Dataset items:
lemma not_forces_matching_C_outside: "\<not> forces_matching \<tau> (card (X \<inter> C)) (card (Y - C)) k'"
proof
  assume sizes: "forces_matching \<tau> (card (X \<inter> C)) (card (Y - C)) k'"
  have colored: "{x, y} \<in> F'" if "x \<in> X \<inter> C" "y \<in> Y - C" "{x, y} \<in> E" for x y
    using that by (auto intro: edge_leaving_C)
  have "\<exists>w. Y - C \<subseteq> component F' w"
    using Y_outside by blast
  then have "has_connected_k_matching F' k'"
    using has_connected_k_matching_dense_pair[OF Int_lower1 Diff_subset colored sizes] by blast
  then show False
    using no_F'_matching by blast
qed

lemma not_forces_matching_outside_C: "\<not> forces_matching \<tau> (card (X - C)) (card (Y \<inter> C)) k'"
  using split_configuration.not_forces_matching_C_outside[OF swapped_configuration]
  by (simp add: forces_matching_commute)

lemma not_forces_matching_outside:
  assumes "2 * \<tau> < card (X - C) \<or> 2 * \<tau> < card (Y - C)"
  shows "\<not> forces_matching \<tau> (card (X - C)) (card (Y - C)) k"
proof
  assume sizes: "forces_matching \<tau> (card (X - C)) (card (Y - C)) k"
  have colored: "{x, y} \<in> F" if "x \<in> X - C" "y \<in> Y - C" "{x, y} \<in> E" for x y
    using that X_outside Y_outside by (auto intro: edge_between_D1_D2)
  have "has_connected_k_matching F k"
    using has_connected_k_matching_dense_pair[OF Diff_subset Diff_subset colored sizes] assms
    by blast
  then show False
    using no_F_matching by blast
qed

lemma card_Y_C_minus_K:
  "card (Y \<inter> C - K) < k' \<or> card (X - K) + card (Y \<inter> C - K) \<le> N"
proof (rule ccontr)
  assume "\<not> ?thesis"
  then have big: "k' \<le> card (Y \<inter> C - K)" "N < card (X - K) + card (Y \<inter> C - K)"
    by auto
  have "card (X \<inter> K) < k"
    using card_Int_X_Int_Y[OF finite_K] card_K by linarith
  then have "forces_matching \<tau> (card (X - K)) (card (Y \<inter> C - K)) k'"
    and "2 * \<tau> < card (X - K) \<or> 2 * \<tau> < card (Y \<inter> C - K)"
    using big card_X_split[of K] k_sum four_tau_less unfolding forces_matching_def by linarith+
  moreover have "{x, y} \<in> F'" if "x \<in> X - K" "y \<in> Y \<inter> C - K" "{x, y} \<in> E" for x y
  proof -
    have "{y, x} \<in> F'"
      using that by (intro edge_avoiding_K) (auto simp: insert_commute)
    then show ?thesis
      by (simp add: insert_commute)
  qed
  ultimately have "has_connected_k_matching F' k'"
    using has_connected_k_matching_dense_pair[OF Diff_subset, of "Y \<inter> C - K"] by blast
  then show False
    using no_F'_matching by blast
qed

lemma card_X_C_minus_K:
  "card (X \<inter> C - K) < k' \<or> card (Y - K) + card (X \<inter> C - K) \<le> N"
  by (rule split_configuration.card_Y_C_minus_K[OF swapped_configuration])

lemma cells_covered_by_K:
  "card (X \<inter> C \<inter> D1) \<le> card (X \<inter> K) \<or> card (Y \<inter> C \<inter> D2) \<le> card (Y \<inter> K) \<or>
    (card (X \<inter> C \<inter> D1) \<le> card (X \<inter> K) + \<tau> \<and> card (Y \<inter> C \<inter> D2) \<le> card (Y \<inter> K) + \<tau>)"
proof -
  let ?A = "X \<inter> C \<inter> D1" and ?B = "Y \<inter> C \<inter> D2"
  have no_edge: "{x, y} \<notin> E" if "x \<in> ?A - K" "y \<in> ?B - K" for x y
  proof
    assume "{x, y} \<in> E"
    then have "{y, x} \<in> F"
      using that by (intro edge_between_D1_D2) (auto simp: insert_commute)
    then show False
      using that K_covers by blast
  qed
  have card_le: "card S \<le> card (S - K) + card (X' \<inter> K)" if "S \<subseteq> X'" and "finite X'" for S X'
  proof -
    have "card S \<le> card ((S - K) \<union> (X' \<inter> K))"
      using that finite_subset[OF that] by (intro card_mono) auto
    then show ?thesis
      using card_Un_le[of "S - K" "X' \<inter> K"] by linarith
  qed
  have A_le: "card ?A \<le> card (?A - K) + card (X \<inter> K)"
    using finite_X by (intro card_le) auto
  have B_le: "card ?B \<le> card (?B - K) + card (Y \<inter> K)"
    using finite_Y by (intro card_le) auto
  consider "?A - K = {}" | "?B - K = {}" | a b where "a \<in> ?A - K" "b \<in> ?B - K"
    by blast
  then show ?thesis
  proof cases
    case 1
    then have "card ?A \<le> card (X \<inter> K)"
      using A_le by (metis card.empty add_0)
    then show ?thesis
      by blast
  next
    case 2
    then have "card ?B \<le> card (Y \<inter> K)"
      using B_le by (metis card.empty add_0)
    then show ?thesis
      by blast
  next
    case 3
    have "card (?B - K) \<le> \<tau>"
      using 3 no_edge by (intro card_non_neighbours_X[of a]) auto
    moreover have "card (?A - K) \<le> \<tau>"
      using 3 no_edge by (intro card_non_neighbours_Y[of b]) auto
    ultimately show ?thesis
      using A_le B_le by linarith
  qed
qed

lemma card_C_minus_D1:
  "card (X \<inter> C - D1) \<le> \<tau>" "card (X \<inter> C - D1) = 0 \<or> card (Y - C) \<le> \<tau>"
proof -
  obtain y0 where "y0 \<in> Y - C"
    using outside_C_nonempty by blast
  then show "card (X \<inter> C - D1) \<le> \<tau>"
    using no_edge_C_minus_D1_to_outside by (intro card_non_neighbours_Y[of y0]) auto
  show "card (X \<inter> C - D1) = 0 \<or> card (Y - C) \<le> \<tau>"
  proof (cases "X \<inter> C - D1 = {}")
    case False
    then obtain x0 where "x0 \<in> X \<inter> C - D1"
      by blast
    then have "card (Y - C) \<le> \<tau>"
      using no_edge_C_minus_D1_to_outside by (intro card_non_neighbours_X[of x0]) auto
    then show ?thesis
      by blast
  qed (simp only: card.empty simp_thms)
qed

lemma card_C_minus_D2:
  "card (Y \<inter> C - D2) \<le> \<tau>" "card (Y \<inter> C - D2) = 0 \<or> card (X - C) \<le> \<tau>"
  by (rule split_configuration.card_C_minus_D1[OF swapped_configuration])+

lemma card_cells:
  "card (X \<inter> C \<inter> D1) + card (X \<inter> C - D1) = card (X \<inter> C)"
  "card (Y \<inter> C \<inter> D2) + card (Y \<inter> C - D2) = card (Y \<inter> C)"
  using card_Int_Diff[of "X \<inter> C" D1] card_Int_Diff[of "Y \<inter> C" D2] finite_X finite_Y by auto

lemma card_K_parts:
  "card (X \<inter> K) + card (Y \<inter> K) < k"
  "card (X \<inter> C - K) + card (X \<inter> K) = card (X \<inter> C)"
  "card (Y \<inter> C - K) + card (Y \<inter> K) = card (Y \<inter> C)"
proof -
  show "card (X \<inter> K) + card (Y \<inter> K) < k"
    using card_Int_X_Int_Y[OF finite_K] card_K by linarith
  have "X \<inter> C \<inter> K = X \<inter> K" "Y \<inter> C \<inter> K = Y \<inter> K"
    using K_subset by blast+
  then show "card (X \<inter> C - K) + card (X \<inter> K) = card (X \<inter> C)"
    and "card (Y \<inter> C - K) + card (Y \<inter> K) = card (Y \<inter> C)"
    using card_Int_Diff[of "X \<inter> C" K] card_Int_Diff[of "Y \<inter> C" K] finite_X finite_Y by auto
qed

lemma k'_less_k_contradiction:
  assumes "k' < k"
  shows False
proof -
  let ?a = "card (X \<inter> C)" and ?a' = "card (X - C)" and ?b = "card (Y \<inter> C)" and ?b' = "card (Y - C)"
  note counts = card_X_split[of C] card_Y_split[of C] card_X_split[of K] card_Y_split[of K]
    card_cells card_K_parts card_C_minus_D1(1) card_C_minus_D2(1)
  have k: "2 * \<tau> < k" "2 * k' \<le> N"
    using assms k_sum four_tau_less by linarith+
  have Q1: "?a < k' \<or> ?b' < k' \<or> ?a + ?b' < k' + 2 * \<tau>"
    using not_forces_matching_C_outside unfolding forces_matching_def by linarith
  have Q2: "?a' < k' \<or> ?b < k' \<or> ?a' + ?b < k' + 2 * \<tau>"
    using not_forces_matching_outside_C unfolding forces_matching_def by linarith
  have Q3: "?a' < k \<or> ?b' < k"
  proof (rule ccontr)
    assume big: "\<not> (?a' < k \<or> ?b' < k)"
    then have "\<not> forces_matching \<tau> ?a' ?b' k"
      using k by (intro not_forces_matching_outside) linarith
    then show False
      using big k unfolding forces_matching_def by linarith
  qed
  have C_big: "k \<le> ?a" "k \<le> ?b"
    using Q1 Q2 Q3 card_X_split[of C] card_Y_split[of C] k k_sum by (elim disjE; linarith)+
  have "card (Y \<inter> C - K) < k'" "card (X \<inter> C - K) < k'"
    using card_Y_C_minus_K card_X_C_minus_K counts C_big by (elim disjE; linarith)+
  then show False
    using cells_covered_by_K card_C_minus_D1(2) card_C_minus_D2(2)
  proof (elim disjE conjE)
  qed (use counts k k_sum four_tau_less C_big in linarith)+
qed

lemma k_less_k'_contradiction:
  assumes "k < k'" and heavy_cells: "\<tau> < card (X \<inter> C \<inter> D1)" "\<tau> < card (Y \<inter> C \<inter> D2)"
  shows False
proof -
  let ?a' = "card (X - C)" and ?b' = "card (Y - C)"
  note counts = card_X_split[of C] card_Y_split[of C] card_X_split[of K] card_Y_split[of K]
    card_cells card_K_parts card_C_minus_D1(1) card_C_minus_D2(1)
  have k: "2 * \<tau> < k'" "2 * k \<le> N"
    using assms k_sum four_tau_less by linarith+
  have outside_small: "?a' + ?b' \<le> N"
  proof (rule ccontr)
    assume big: "\<not> ?a' + ?b' \<le> N"
    then have "\<not> forces_matching \<tau> ?a' ?b' k"
      using four_tau_less by (intro not_forces_matching_outside) linarith
    then have "?a' < k \<or> ?b' < k"
      using big k_sum k unfolding forces_matching_def by linarith
    then show False
      using not_forces_matching_C_outside not_forces_matching_outside_C big counts k_sum k
      unfolding forces_matching_def by (elim disjE) linarith+
  qed
  have "card (Y \<inter> C - K) < k'" "card (X \<inter> C - K) < k'"
    using card_Y_C_minus_K card_X_C_minus_K counts k k_sum by (elim disjE; linarith)+
  then show False
    using cells_covered_by_K card_C_minus_D1(2) card_C_minus_D2(2)
  proof (elim disjE conjE)
  qed (use counts k k_sum four_tau_less heavy_cells outside_small in linarith)+
qed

ACTIVITY:
Wherever the string "elim" appears in the records, copy the whole line.

RESPONSE:
    using Q1 Q2 Q3 card_X_split[of C] card_Y_split[of C] k k_sum by (elim disjE; linarith)+
    using card_Y_C_minus_K card_X_C_minus_K counts C_big by (elim disjE; linarith)+
  proof (elim disjE conjE)
      unfolding forces_matching_def by (elim disjE) linarith+
    using card_Y_C_minus_K card_X_C_minus_K counts k k_sum by (elim disjE; linarith)+
  proof (elim disjE conjE)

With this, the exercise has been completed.